# Hikaru Game Analysis

Dependencies and functions for transforming the pgn data into pandas DataFrames

In [None]:
import chess.pgn as ch
import pandas as pd
import io
import re

def extract_game_data(game, game_id):
    """Extracts metadata and move data (with times) for a single PGN game."""
    # --- Metadata ---
    metadata_df = pd.DataFrame([dict(game.headers)])
    metadata_df["Game_ID"] = game_id
    metadata_df.set_index("Game_ID", inplace=True)

    # --- Move extraction ---
    move_data = []
    node = game
    move_num = 1
    white_move = None
    white_time = None
    black_move = None
    black_time = None

    clk_pattern = re.compile(r"\[%clk ([0-9:.\-]+)\]")

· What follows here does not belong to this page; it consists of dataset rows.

lemma packed_WC_eq_iff:
  assumes "is_composition I n" "length I = r" "w \<noteq> []"
  shows "packed w \<and> WC w = I \<longleftrightarrow> length w = n \<and> set w = {1..r} \<and> WC_des w = Des I"
proof
  assume packed: "packed w \<and> WC w = I"
  have "length w \<ge> 1" using assms(3) by (cases w) auto
  note WC = comp_of_des_correct[OF WC_des_subset this, folded WC_eq_comp_of_des]
  have n: "length w = n" and des: "WC_des w = Des I"
    using WC packed assms(1) by (auto simp: is_composition_def)
  obtain m where m: "set w = {1..m}" using packed by (auto simp: packed_def)
  have "m - 1 = r - 1"
    using card_WC_des[OF assms(3)] card_Des[of I] assms(1,2) des m by (simp add: is_composition_def)
  moreover have "m \<ge> 1" using m assms(3) by (cases "m = 0") auto
  moreover have "I \<noteq> []" using assms(1) n \<open>length w \<ge> 1\<close> by (auto simp: is_composition_def)
  then have "r \<ge> 1" using assms(2) by (cases I) auto
  ultimately show "length w = n \<and> set w = {1..r} \<and> WC_des w = Des I" using n des m by simp
next
  assume "length w = n \<and> set w = {1..r} \<and> WC_des w = Des I"
  moreover have "n \<ge> 1" using calculation assms(3) by (cases w) auto
  ultimately show "packed w \<and> WC w = I"
    using comp_of_des_Des[OF assms(1)] by (auto simp: packed_def WC_eq_comp_of_des)
qed

lemma sorted_eq_if_last_occurrences_eq:
  fixes v1 v2 :: "'a :: linorder list"
  assumes "sorted v1" "sorted v2" "length v1 = length v2" "set v1 = set v2"
    "\<forall>q<length v1. last_occurrence v1 q \<longleftrightarrow> last_occurrence v2 q"
  shows "v1 = v2"
  using assms
proof (induction v1 arbitrary: v2)
  case Nil then show ?case by simp
next
  case (Cons a x1)
  then obtain b x2 where v2: "v2 = b # x2" by (cases v2) auto
  have "a \<le> b" "b \<le> a" using Cons.prems v2 by (auto simp: set_eq_iff)
  then have ab: "a = b" by simp
  have "a \<in> set x1 \<longleftrightarrow> a \<in> set x2"
    using Cons.prems(5) by (auto simp: v2 ab last_occurrence_Cons_0)
  then have "set x1 = set x2" using Cons.prems(4) v2 ab by auto
  moreover have "\<forall>q<length x1. last_occurrence x1 q \<longleftrightarrow> last_occurrence x2 q"
    using Cons.prems(5) by (auto simp: v2 last_occurrence_Cons_Suc)
  ultimately have "x1 = x2" using Cons.IH Cons.prems(1-3) v2 by simp
  then show ?case using v2 ab by simp
qed

lemma card_less_Suc_eq:
  "card {q \<in> F. q < Suc j} = card {q \<in> F. q < j} + (if j \<in> F then 1 else 0)"
proof -
  have "{q \<in> F. q < Suc j} = (if j \<in> F then insert j {q \<in> F. q < j} else {q \<in> F. q < j})"
    by (auto simp: less_Suc_eq)
  then show ?thesis by simp
qed

lemma card_less_attains:
  fixes F :: "nat set"
  assumes "t < card {q \<in> F. q < m}"
  shows "\<exists>j<m. card {q \<in> F. q < j} = t"
  using assms
proof (induction m)
  case (Suc m)
  show ?case
  proof (cases "t < card {q \<in> F. q < m}")
    case True then show ?thesis using Suc.IH less_SucI by blast
  next
    case False
    then have "t = card {q \<in> F. q < m}" using Suc.prems card_less_Suc_eq[of F m] by (simp split: if_splits)
    then show ?thesis by blast
  qed
qed simp

lemma sorted_map_nth_mono:
  assumes "sorted cs" "mono f" "\<forall>j<m. f j < length cs"
  shows "sorted (map (\<lambda>j. cs ! f j) [0..<m])"
  unfolding sorted_iff_nth_mono using assms by (simp add: sorted_nth_mono monoD)

lemma last_occurrence_map_nth_mono:
  fixes cs :: "'a :: linorder list"
  assumes "sorted cs" "distinct cs" "mono f" "\<forall>j<m. f j < length cs" "Suc j < m"
  shows "last_occurrence (map (\<lambda>j. cs ! f j) [0..<m]) j \<longleftrightarrow> f j \<noteq> f (Suc j)"
proof -
  have "cs ! f j \<le> cs ! f (Suc j)" using assms by (simp add: sorted_nth_mono monoD)
  then have "last_occurrence (map (\<lambda>j. cs ! f j) [0..<m]) j \<longleftrightarrow> cs ! f j \<noteq> cs ! f (Suc j)"
    using last_occurrence_sorted[OF sorted_map_nth_mono[OF assms(1,3,4)], of j] assms(5)
    by (auto simp: order_less_le)
  also have "\<dots> \<longleftrightarrow> f j \<noteq> f (Suc j)" using assms(2,4,5) by (simp add: nth_eq_iff_index_eq)
  finally show ?thesis .
qed

lemma sorted_with_last_occurrences_exists:
  fixes C :: "'a :: linorder set"
  assumes "finite C" "F \<subseteq> {..<m}" "card F = card C" "0 < m \<Longrightarrow> m - 1 \<in> F"
  obtains v where "sorted v" "length v = m" "set v = C" "\<forall>j<m. last_occurrence v j \<longleftrightarrow> j \<in> F"
proof -
  define cs where "cs = sorted_list_of_set C"
  have cs: "sorted cs" "distinct cs" "set cs = C" "length cs = card F"
    using assms(1,3) by (simp_all add: cs_def)
  \<comment> \<open>the j-th letter is the element of C indexed by the number of prescribed last occurrences before j\<close>
  define cnt where "cnt j = card {q \<in> F. q < j}" for j
  have "mono cnt" unfolding cnt_def by (intro monoI card_mono) auto
  have "{q \<in> F. q < m} = F" using assms(2) by auto
  then have cnt_m: "cnt m = length cs" by (simp add: cnt_def cs(4))
  have cnt_less: "\<forall>j<m. cnt j < length cs"
  proof (intro allI impI)
    fix j assume "j < m"
    then have "m - 1 \<in> F" "\<not> m - 1 < j" using assms(4) by auto
    then have "{q \<in> F. q < j} \<subset> F" by blast
    moreover have "finite F" using assms(2) finite_subset by blast
    ultimately show "cnt j < length cs" using cs(4) by (simp add: cnt_def psubset_card_mono)
  qed
  define v where "v = map (\<lambda>j. cs ! cnt j) [0..<m]"
  show ?thesis
  proof
    show "sorted v" unfolding v_def using cs(1) \<open>mono cnt\<close> cnt_less by (rule sorted_map_nth_mono)
    show "length v = m" by (simp add: v_def)
    show "set v = C"
    proof
      show "set v \<subseteq> C" using cnt_less cs(3) by (auto simp: v_def)
      show "C \<subseteq> set v"
      proof
        fix c assume "c \<in> C"
        then obtain t where "t < length cs" "c = cs ! t" using cs(3) by (auto simp: in_set_conv_nth)
        then show "c \<in> set v" using card_less_attains[of t F m] cnt_m by (auto simp: v_def cnt_def)
      qed
    qed
    show "\<forall>j<m. last_occurrence v j \<longleftrightarrow> j \<in> F"
    proof (intro allI impI)
      fix j assume "j < m"
      show "last_occurrence v j \<longleftrightarrow> j \<in> F"
      proof (cases "Suc j = m")
        case True
        then have "j = m - 1" by simp
        then show ?thesis using True assms(4) by (simp add: last_occurrence_final v_def)
      next
        case False
        then show ?thesis
          using last_occurrence_map_nth_mono[OF cs(1,2) \<open>mono cnt\<close> cnt_less, of j] \<open>j < m\<close>
          by (simp add: v_def cnt_def card_less_Suc_eq)
      qed
    qed
  qed
qed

    while node.variations:
        next_node = node.variation(0)
        move_san = next_node.san()
        comment = next_node.comment

        clk_match = clk_pattern.search(comment)
        clk_time = clk_match.group(1) if clk_match else None

        if node.board().turn:  # White to move
            white_move = move_san
            white_time = clk_time
        else:
            black_move = move_san
            black_time = clk_time
            move_data.append({
                "move_number": move_num,
                "white_move": white_move,
                "white_time": white_time,
                "black_move": black_move,
                "black_time": black_time
            })
            move_num += 1

        node = next_node

    # --- Moves DataFrame ---
    if move_data:
        moves_df = pd.DataFrame(move_data)
        moves_df.set_index("move_number", inplace=True)
    else:
        # Empty DataFrame if no moves
        moves_df = pd.DataFrame(columns=["white_move", "white_time", "black_move", "black_time"])
        moves_df.index.name = "move_number"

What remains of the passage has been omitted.